# Uses of sawdust shavings and yard debre



## rizay (Dec 13, 2009)

There has been a lot of discussion on what to do with sawdust and shavings produced while woodworking. Many people use there's for mulch, gardening, and animal bedding. Others have used them for heating. While a pile of sawdust doesn't burn very well, there are ways to get it to burn better. I saw a post on this forum where the author discussed making fire starters. Elsewhere on the web, I have seen people all over the world using some type of press to compact a mixture, including sawdust, into blocks or disc shape briquettes. That is what brings me to this post.

I have always had to haul my shavings and yard debris to the local burrow waste area.
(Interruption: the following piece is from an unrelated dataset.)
(* Let $T$ be a trace (well formed, with a matching release for each acquire) and let $<$ be a strict partial order on $\mathrm{evts}(T)$ satisfying the MHB-Criteria. Then every predictable deadlock in $T$ for the lock set function $\mathrm{LH}_{<}$ is also a predictable deadlock in $T$ for the lock set function $\mathrm{LH}_T$; i.e. $\mathrm{PD}(\mathrm{LH}_{<})\subseteq\mathrm{PD}(\mathrm{LH}_T)$.
   Context: Events and traces. An event is a triple $e=(\alpha,t,op)$ with a unique identifier $\alpha$, a thread id $t$ and an operation $op$, which is one of $\mathit{rd}(x)$, $\mathit{wr}(x)$ (read/write of a shared variable $x$) or $\mathit{req}(l)$, $\mathit{acq}(l)$, $\mathit{rel}(l)$ (request, acquire, release of a lock $l$). Write $\mathrm{thd}(e)=t$. A trace is a finite list of events with distinct identifiers; $e\in T$ means $e$ occurs in $T$, $\mathrm{evts}(T)$ is its set of events, and $e<_T f$ means $e$ occurs at an earlier position than $f$ in $T$. An event $e$ is final in $T$ if there is no $f\in T$ with $e<_T f$ and $\mathrm{thd}(f)=\mathrm{thd}(e)$. Well formedness. $T$ is well formed if: (WF-Acq) for all $a=(t,\mathit{acq}(l))$, $a'=(t',\mathit{acq}(l))$ in $T$ with $a<_T a'$ there is $r=(t,\mathit{rel}(l))\in T$ with $a<_T r<_T a'$; (WF-Rel) for every $r=(t,\mathit{rel}(l))\in T$ there is $a=(t,\mathit{acq}(l))\in T$ with $a<_T r$ and no $r'=(t',\mathit{rel}(l))\in T$ with $a<_T r'<_T r$; (WF-Req) for every $a=(t,\mathit{acq}(l))\in T$ there is $q=(t,\mathit{req}(l))\in T$ with $q<_T a$ and no event of thread $t$ strictly between $q$ and $a$, and for every $q=(t,\mathit{req}(l))\in T$, the event of thread $t$ immediately following $q$ in $T$ (if any) is of the form $(t,\mathit{acq}(l))$. Standing assumption: $T$ is well formed and every acquire has a matching release in $T$. Correct reorderings. For a read $e=(\cdot,\mathit{rd}(x))\in T$, $\mathrm{lw}_T(e)$ is the write $f=(\cdot,\mathit{wr}(x))$ with $f<_T e$ and no write on $x$ strictly between them in $T$. A trace $T'$ is a correctly reordered prefix of $T$ if (CRP-WF) $T'$ is well formed and $\mathrm{evts}(T')\subseteq\mathrm{evts}(T)$; (CRP-PO) for every thread $t$ of $T'$, the subsequence of thread-$t$ events of $T'$ is a prefix of that of $T$; (CRP-LW) for every read $e\in T'$ with $f=\mathrm{lw}_T(e)$ we have $f=\mathrm{lw}_{T'}(e)$. $\mathrm{crp}(T)$ is the set of correctly reordered prefixes of $T$. Trace-based lock sets. Write $e\prec_T f$ if for every $T'\in\mathrm{crp}(T)$ with $f\in T'$ we have $e\in T'$ and $e<_{T'}f$. For $a=(t,\mathit{acq}(l))$, $r=(t,\mathit{rel}(l))\in T$, $e\in\mathrm{CS}_T(a,r)$ iff (CS-Enclosed) $a\prec_T e$ and $e\prec_T r$, and (CS-Match) there is no release $r'=(t,\mathit{rel}(l))\in T$ and $T'\in\mathrm{crp}(T)$ with $a<_{T'}r'<_{T'}e$. $\mathrm{LH}_T(e)=\{(l,t)\mid \exists a,r\in T,\ a=(t,\mathit{acq}(l)),\ e\in\mathrm{CS}_T(a,r)\}$. Partial-order lock sets. For a strict partial order $<$ on $\mathrm{evts}(T)$ and $a=(t,\mathit{acq}(l))$, $r=(t,\mathit{rel}(l))\in T$: $e\in\mathrm{CS}_{<}(a,r)$ iff (PO-CS-Enclosed) $a<e$ and $e<r$, and (PO-CS-Match) there is no release $r'=(t,\mathit{rel}(l))\in T$ and $T'\in\mathrm{crp}(T)$ with $a<_{T'}r'<_{T'}e$. $\mathrm{LH}_{<}(e)=\{(l,t)\mid \exists a,r\in T,\ a=(t,\mathit{acq}(l)),\ e\in\mathrm{CS}_{<}(a,r)\}$. The order $<$ satisfies the MHB-Criteria if whenever $e<f$, for every $T'\in\mathrm{crp}(T)$ with $f\in T'$ we have $e\in T'$ and $e<_{T'}f$. Deadlock patterns. A lock set function $L$ maps events of $T$ to sets of pairs (lock, thread id). Write $l\in L(e)$ if $(l,t)\in L(e)$ for some $t$. For such sets $M,N$ let $M\Cap N=\{l\mid (l,s)\in M,(l,t)\in N, s\neq t\}$. For $n>1$ and request events $q_i=(t_i,\mathit{req}(l_i))\in T$, the set $\{q_1,\dots,q_n\}$ is a deadlock pattern for $L$ if (DP-Thread) $\mathrm{thd}(q_i)\ne\mathrm{thd}(q_j)$ for $i\ne j$; (DP-Cycle) $l_i\in L(q_{(i \bmod n)+1})$ for every $i$; (DP-Guard) $L(q_i)\Cap L(q_j)=\emptyset$ for $i\neq j$. It is a predictable deadlock for $L$ if in addition there is a witness $T'\in\mathrm{crp}(T)$ in which each $q_i$ is final. $\mathrm{PD}(L)$ denotes the set of predictable deadlocks in $T$ for $L$. *)

theory Defs
  imports Main "HOL-Library.Sublist"
begin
Recently, I acquired a wood stove and searched for means of burning my wood waste. Since I have difficulty burning usable wood, this seemed logical. There are videos on youtube showing demonstrations of these presses. One site I found was from the Beaverton Rotary. They developed one press they call the Petterson press. Here is a link. They build these presses for third world impoverished countries. These briquettes use all kinds of waste including paper, sawdust, grass clippings, pete, ect…

I realy like the idea so I drew up some quick plans to build one. One uses a hand lever, the other, I am thinking about using with a scissor jack. Here are some pictures of my ideas. Please let me know what you think.
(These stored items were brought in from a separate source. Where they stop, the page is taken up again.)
lemma unit_flow_of_large_cuts:
  assumes mg: "multigraph V E inc" and u: "u \<in> V" and "u \<noteq> v"
    and cuts: "\<And>S. S \<subseteq> V \<Longrightarrow> u \<in> S \<Longrightarrow> v \<notin> S \<Longrightarrow> k \<le> card (cut_edges E inc S)"
  shows "j \<le> k \<Longrightarrow> \<exists>f. unit_flow V E inc u v f \<and> outflow E inc f u = int j"
proof (induction j)
  case 0
  show ?case by (rule exI[of _ "\<lambda>_. 0"]) (simp add: unit_flow_def outflow_def)
next
  case (Suc j)
  then obtain f where fl: "unit_flow V E inc u v f" and val: "outflow E inc f u = int j" by auto
  have fin: "finite E" "finite V" using mg by (auto simp: multigraph_def)
  show ?case
  proof (rule path_or_closed_set[OF mg u, of "residual_step E inc f" v])
    show "residual_step E inc f e a b \<Longrightarrow> e \<in> E \<and> (inc e = (a, b) \<or> inc e = (b, a))" for e a b
      by (auto simp: residual_step_def)
  next
    fix xs es
    assume p: "is_path V E inc xs es" "hd xs = u" "last xs = v"
      and "\<forall>i<length es. residual_step E inc f (es ! i) (xs ! i) (xs ! Suc i)"
    then have "f (es ! i) + 1 * step_sign inc xs es i \<in> {-1, 0, 1}" if "i < length es" for i
      using residual_path_augmentable[OF fl p(1) that] that by simp
    from unit_flow_augment[OF fl fin(1) \<open>u \<noteq> v\<close> p this] val show ?case by auto
  next
    fix R
    assume "R \<subseteq> V" "u \<in> R" "v \<notin> R"
      and "\<And>e a b. a \<in> R \<Longrightarrow> residual_step E inc f e a b \<Longrightarrow> b \<in> R"
    with outflow_eq_card_cut_if_residual_closed[OF fl fin(1)] finite_subset[OF _ fin(2)]
    have "int j = int (card (cut_edges E inc R))" using val by metis
    then show ?case using cuts[OF \<open>R \<subseteq> V\<close> \<open>u \<in> R\<close> \<open>v \<notin> R\<close>] Suc.prems by simp
  qed
qed

lemma edge_disjoint_paths_of_unit_flow:
  assumes mg: "multigraph V E inc" and u: "u \<in> V" and "u \<noteq> v"
  shows "unit_flow V E inc u v f \<Longrightarrow> outflow E inc f u = int j \<Longrightarrow>
    \<exists>P :: nat \<Rightarrow> 'v list \<times> 'e list.
      (\<forall>i<j. is_path V E inc (fst (P i)) (snd (P i)) \<and> hd (fst (P i)) = u \<and> last (fst (P i)) = v
             \<and> (\<forall>e \<in> set (snd (P i)). f e \<noteq> 0)) \<and>
      (\<forall>i<j. \<forall>i'<j. i \<noteq> i' \<longrightarrow> set (snd (P i)) \<inter> set (snd (P i')) = {})"
proof (induction j arbitrary: f)
  case 0
  show ?case by simp
next
  case (Suc j)
  note fl = Suc.prems(1)
  have fin: "finite E" "finite V" using mg by (auto simp: multigraph_def)
  show ?case
  proof (rule path_or_closed_set[OF mg u, of "flow_step E inc f" v])
    show "flow_step E inc f e a b \<Longrightarrow> e \<in> E \<and> (inc e = (a, b) \<or> inc e = (b, a))" for e a b
      by (auto simp: flow_step_def)
  next
    fix xs es
    assume p: "is_path V E inc xs es" "hd xs = u" "last xs = v"
      and "\<forall>i<length es. flow_step E inc f (es ! i) (xs ! i) (xs ! Suc i)"
    then have carried: "f (es ! i) = step_sign inc xs es i" if "i < length es" for i
      using flow_path_step_sign[OF p(1) that] that by blast
    define g where "g e = f e + -1 * path_flow inc xs es e" for e
    have "f (es ! i) + -1 * step_sign inc xs es i \<in> {-1, 0, 1}" if "i < length es" for i
      using carried[OF that] by simp
    from unit_flow_augment[OF fl fin(1) \<open>u \<noteq> v\<close> p this, folded g_def] Suc.prems(2)
    obtain P where P: "\<forall>i<j. is_path V E inc (fst (P i)) (snd (P i)) \<and> hd (fst (P i)) = u
          \<and> last (fst (P i)) = v \<and> (\<forall>e \<in> set (snd (P i)). g e \<noteq> 0)"
      and disj: "\<forall>i<j. \<forall>i'<j. i \<noteq> i' \<longrightarrow> set (snd (P i)) \<inter> set (snd (P i')) = {}"
      using Suc.IH by fastforce
    have g_support: "g e \<noteq> 0 \<longleftrightarrow> f e \<noteq> 0 \<and> e \<notin> set es" for e
    proof (cases "e \<in> set es")
      case True
      then obtain i where "i < length es" "e = es ! i" by (auto simp: in_set_conv_nth)
      then show ?thesis using carried path_flow_nth[OF p(1)] step_sign_cases[OF p(1)]
        by (force simp: g_def)
    qed (simp add: g_def path_flow_notin)
    have "f e \<noteq> 0" if "e \<in> set es" for e
      using that carried step_sign_cases[OF p(1)] by (force simp: in_set_conv_nth)
    then show ?case using P p disj g_support
      by (intro exI[of _ "case_nat (xs, es) P"]) (auto split: nat.split simp: less_Suc_eq_0_disj)
  next
    fix R
    assume "R \<subseteq> V" "u \<in> R" "v \<notin> R" and "\<And>e a b. a \<in> R \<Longrightarrow> flow_step E inc f e a b \<Longrightarrow> b \<in> R"
    with outflow_nonpos_if_flow_closed[OF fl fin(1)] finite_subset[OF _ fin(2)]
    have "outflow E inc f u \<le> 0" by metis
    then show ?case using Suc.prems(2) by simp
  qed
qed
This part attaches to the bottom of the container. It has pvc pipes that allow the water to drain off the briquettes while they are pressed.
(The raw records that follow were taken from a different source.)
lemma H1_deriv_T_mu:
  assumes w: "H1_deriv T w w'"
  shows "H1_deriv T (T_mu T \<mu> w w') (\<lambda>t. - sqrt \<mu> * S_mu T \<mu> w w' t - w' t)"
proof -
  note TS = T_mu_S_mu_has_ac_deriv[of w w' T \<mu>]
  have "has_ac_deriv_on w w' 0 T" "L2_on T w'"
    using w by (simp_all add: H1_deriv_iff)
  moreover from this have "L2_on T (\<lambda>t. - sqrt \<mu> * S_mu T \<mu> w w' t)"
    using has_ac_deriv_on_continuous_on[OF TS(2)] by (intro L2_on_continuous_on continuous_intros)
  ultimately show ?thesis
    unfolding H1_deriv_iff using TS(1) L2_on_diff by blast
qed

lemma b_mu_T_mu_self:
  fixes u u' :: "real \<Rightarrow> real"
  assumes "0 \<le> T" "0 \<le> \<mu>" and u: "H10 T u u'"
  shows "b_mu T \<mu> u u' (T_mu T \<mu> u u') (\<lambda>t. - sqrt \<mu> * S_mu T \<mu> u u' t - u' t)
       = (H1mu_norm T \<mu> u u')^2"
proof -
  define c where "c = sqrt \<mu>"
  have c2: "c * c = \<mu>"
    using \<open>0 \<le> \<mu>\<close> by (simp add: c_def)
  note u_ac = H10_has_ac_deriv_on[OF u]
  note TS = T_mu_S_mu_has_ac_deriv[OF u_ac, of \<mu>, folded c_def]
  define \<Psi>' where "\<Psi>' = (\<lambda>t. u' t * S_mu T \<mu> u u' t + u t * (c * (T_mu T \<mu> u u' t - u t)))"
  have \<Psi>: "has_ac_deriv_on (\<lambda>t. u t * S_mu T \<mu> u u' t) \<Psi>' 0 T"
    unfolding \<Psi>'_def by (rule has_ac_deriv_on_mult[OF u_ac TS(2)])
  have "(LBINT t=0..T. \<Psi>' t) = 0"
    using has_ac_deriv_on_integral_eq[OF \<Psi> \<open>0 \<le> T\<close>] u
    by (simp add: zero_ereal_def S_mu_end H10_def)
  moreover have "set_integrable lborel {0..T} (\<lambda>t. (u' t)^2)"
    using H10_L2_on[OF u] by (simp add: L2_on_def)
  moreover have "set_integrable lborel {0..T} (\<lambda>t. (u t)^2)"
    using has_ac_deriv_on_continuous_on[OF u_ac]
    by (intro borel_integrable_atLeastAtMost' continuous_intros)
  moreover have "- u' t * (- c * S_mu T \<mu> u u' t - u' t) + \<mu> * u t * T_mu T \<mu> u u' t
      = (u' t)^2 + \<mu> * (u t)^2 + c * \<Psi>' t" for t
    unfolding \<Psi>'_def c2[symmetric] by (simp add: power2_eq_square algebra_simps)
  ultimately show ?thesis
    using has_ac_deriv_on_integrable[OF \<Psi>]
    unfolding b_mu_def H1mu_norm_sq(1)[OF \<open>0 \<le> T\<close> \<open>0 \<le> \<mu>\<close>] interval_integral_Icc_0[OF \<open>0 \<le> T\<close>]
    by (simp add: c_def)
qed

lemma H1mu_norm_le_if_tested_with_T_mu:
  fixes f u u' :: "real \<Rightarrow> real"
  assumes "0 \<le> T" "0 \<le> \<mu>" and f: "L2_on T f" and u: "H10 T u u'"
    and test: "b_mu T \<mu> u u' (T_mu T \<mu> u u') (\<lambda>t. - sqrt \<mu> * S_mu T \<mu> u u' t - u' t)
             = (LBINT t=0..T. f t * T_mu T \<mu> u u' t)"
  shows "H1mu_norm T \<mu> u u' \<le> T / sqrt 2 * L2_norm T f"
proof -
  define H where "H = H1mu_norm T \<mu> u u'"
  define K where "K = T / sqrt 2 * L2_norm T f"
  have "H^2 = (LBINT t=0..T. f t * T_mu T \<mu> u u' t)"
    using b_mu_T_mu_self[OF assms(1-2) u] test by (simp add: H_def)
  also have "\<dots> \<le> K * H"
    using integral_mult_T_mu_le[OF assms(1-2) f u] by (simp add: H_def K_def mult.commute)
  finally have "H * H \<le> K * H"
    by (simp add: power2_eq_square)
  moreover have "0 \<le> H" "0 \<le> K"
    using H1mu_norm_sq(2)[OF assms(1-2)] L2_norm_sq(2)[OF \<open>0 \<le> T\<close>] \<open>0 \<le> T\<close>
    by (simp_all add: H_def K_def)
  ultimately show ?thesis
    unfolding H_def[symmetric] K_def[symmetric]
    by (cases "H = 0") (auto intro: mult_right_le_imp_le)
qed

theorem mainTheorem4:
  fixes T \<mu> :: real and f :: "real \<Rightarrow> real"
  assumes "T > 0" and "\<mu> > 0" and "L2_on T f"
  shows "(\<forall>w w'. H10 T w w' \<longrightarrow>
            (LBINT t=0..T. f t * T_mu T \<mu> w w' t)
              = (LBINT t=0..T. w' t * Cf \<mu> f t + sqrt \<mu> * w t * Sf \<mu> f t))
    \<and> (LBINT t=0..T. (Cf \<mu> f t)^2 + (Sf \<mu> f t)^2) \<le> T^2 / 2 * (L2_norm T f)^2
    \<and> (\<forall>w w'. H10 T w w' \<longrightarrow>
            (LBINT t=0..T. f t * T_mu T \<mu> w w' t)
              \<le> T / sqrt 2 * L2_norm T f * H1mu_norm T \<mu> w w')
    \<and> (\<forall>u u'. H10 T u u'
          \<and> (\<forall>w w' v'. H10 T w w' \<and> H1_deriv T (T_mu T \<mu> w w') v' \<longrightarrow>
                 b_mu T \<mu> u u' (T_mu T \<mu> w w') v' = (LBINT t=0..T. f t * T_mu T \<mu> w w' t))
          \<longrightarrow> H1mu_norm T \<mu> u u' \<le> T / sqrt 2 * L2_norm T f)"
proof -
  have T: "0 \<le> T" and \<mu>: "0 \<le> \<mu>" and f: "L2_on T f"
    using assms by simp_all
  have adjoint: "\<forall>w w'. H10 T w w' \<longrightarrow>
      (LBINT t=0..T. f t * T_mu T \<mu> w w' t) = (LBINT t=0..T. w' t * Cf \<mu> f t + sqrt \<mu> * w t * Sf \<mu> f t)"
    using integral_mult_T_mu_eq[OF T L2_on_set_integrable[OF f] H10_has_ac_deriv_on] by blast
  have bound: "\<forall>w w'. H10 T w w' \<longrightarrow>
      (LBINT t=0..T. f t * T_mu T \<mu> w w' t) \<le> T / sqrt 2 * L2_norm T f * H1mu_norm T \<mu> w w'"
    using integral_mult_T_mu_le[OF T \<mu> f] by blast
  have energy: "\<forall>u u'. H10 T u u'
      \<and> (\<forall>w w' v'. H10 T w w' \<and> H1_deriv T (T_mu T \<mu> w w') v' \<longrightarrow>
             b_mu T \<mu> u u' (T_mu T \<mu> w w') v' = (LBINT t=0..T. f t * T_mu T \<mu> w w' t))
      \<longrightarrow> H1mu_norm T \<mu> u u' \<le> T / sqrt 2 * L2_norm T f"
  proof (intro allI impI, elim conjE)
    fix u u' assume u: "H10 T u u'" and weak: "\<forall>w w' v'. H10 T w w' \<and> H1_deriv T (T_mu T \<mu> w w') v' \<longrightarrow>
        b_mu T \<mu> u u' (T_mu T \<mu> w w') v' = (LBINT t=0..T. f t * T_mu T \<mu> w w' t)"
    have "H1_deriv T (T_mu T \<mu> u u') (\<lambda>t. - sqrt \<mu> * S_mu T \<mu> u u' t - u' t)"
      using u by (intro H1_deriv_T_mu) (simp add: H10_def)
    with u weak show "H1mu_norm T \<mu> u u' \<le> T / sqrt 2 * L2_norm T f"
      by (intro H1mu_norm_le_if_tested_with_T_mu[OF T \<mu> f u]) blast
  qed
  show ?thesis
    by (intro conjI adjoint bound energy integral_Cf_Sf_squares_le[OF T f])
qed

end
Here is the one using a jack. Sorry, jack isn't show. It will go upside done on the top of the press.


----------



## Mario (Apr 23, 2007)

Awesome, thank you so much for the link. I live in the great white north and have been contemplating that same thing.

Thanks.


----------



## Julian (Sep 30, 2008)

Looks like a great use for all the sawdust I accumulate. I wonder if straight sawdust would work or if it needs paper mixed in?


----------



## RetiredCoastie (Sep 7, 2009)

Very nice. Do you have any info on approximately how many BTUs a briquette will generate and how long do they burn before you need to add another briquette, based on the PVC Peterson press? I like the concept and would like to learn more on how efficient it would be in a 20' by 20' shop. I like the press that uses the PVC pipe, easier to build, smaller foot print for storage and would seem to be better at water extraction. Great post!


----------



## rizay (Dec 13, 2009)

I don't know about the btu's. I have read that they will burn for about an hour. That would depend on how big they are I would assume.

I am sure straight sawdust will work. I will try it and let you know for sure.


----------



## airman (Aug 5, 2009)

very interesting. If possible could I get a copy of your finished plans? This would be a great way to use up my sawdust.


----------



## PurpLev (May 30, 2008)

thanks for the idea, and link. always looking for green concepts.


----------



## rizay (Dec 13, 2009)

No problem. As soon as I finish a few things I'll give everyone a copy of the plans. Keep watching this thread, I'll post them.


----------



## rizay (Dec 13, 2009)

I thought about using the pvc for the press but I am concerned about storing them during the summer. I think the blocks might be better.


----------



## JRod (Dec 10, 2009)

That is a great idea as I wondered what else would be in the mixture.

I take the sawdust/shavings and compact them into a coffee can add a small amount of kerosene,this makes a fire starter for the kindling.

Thanks again


----------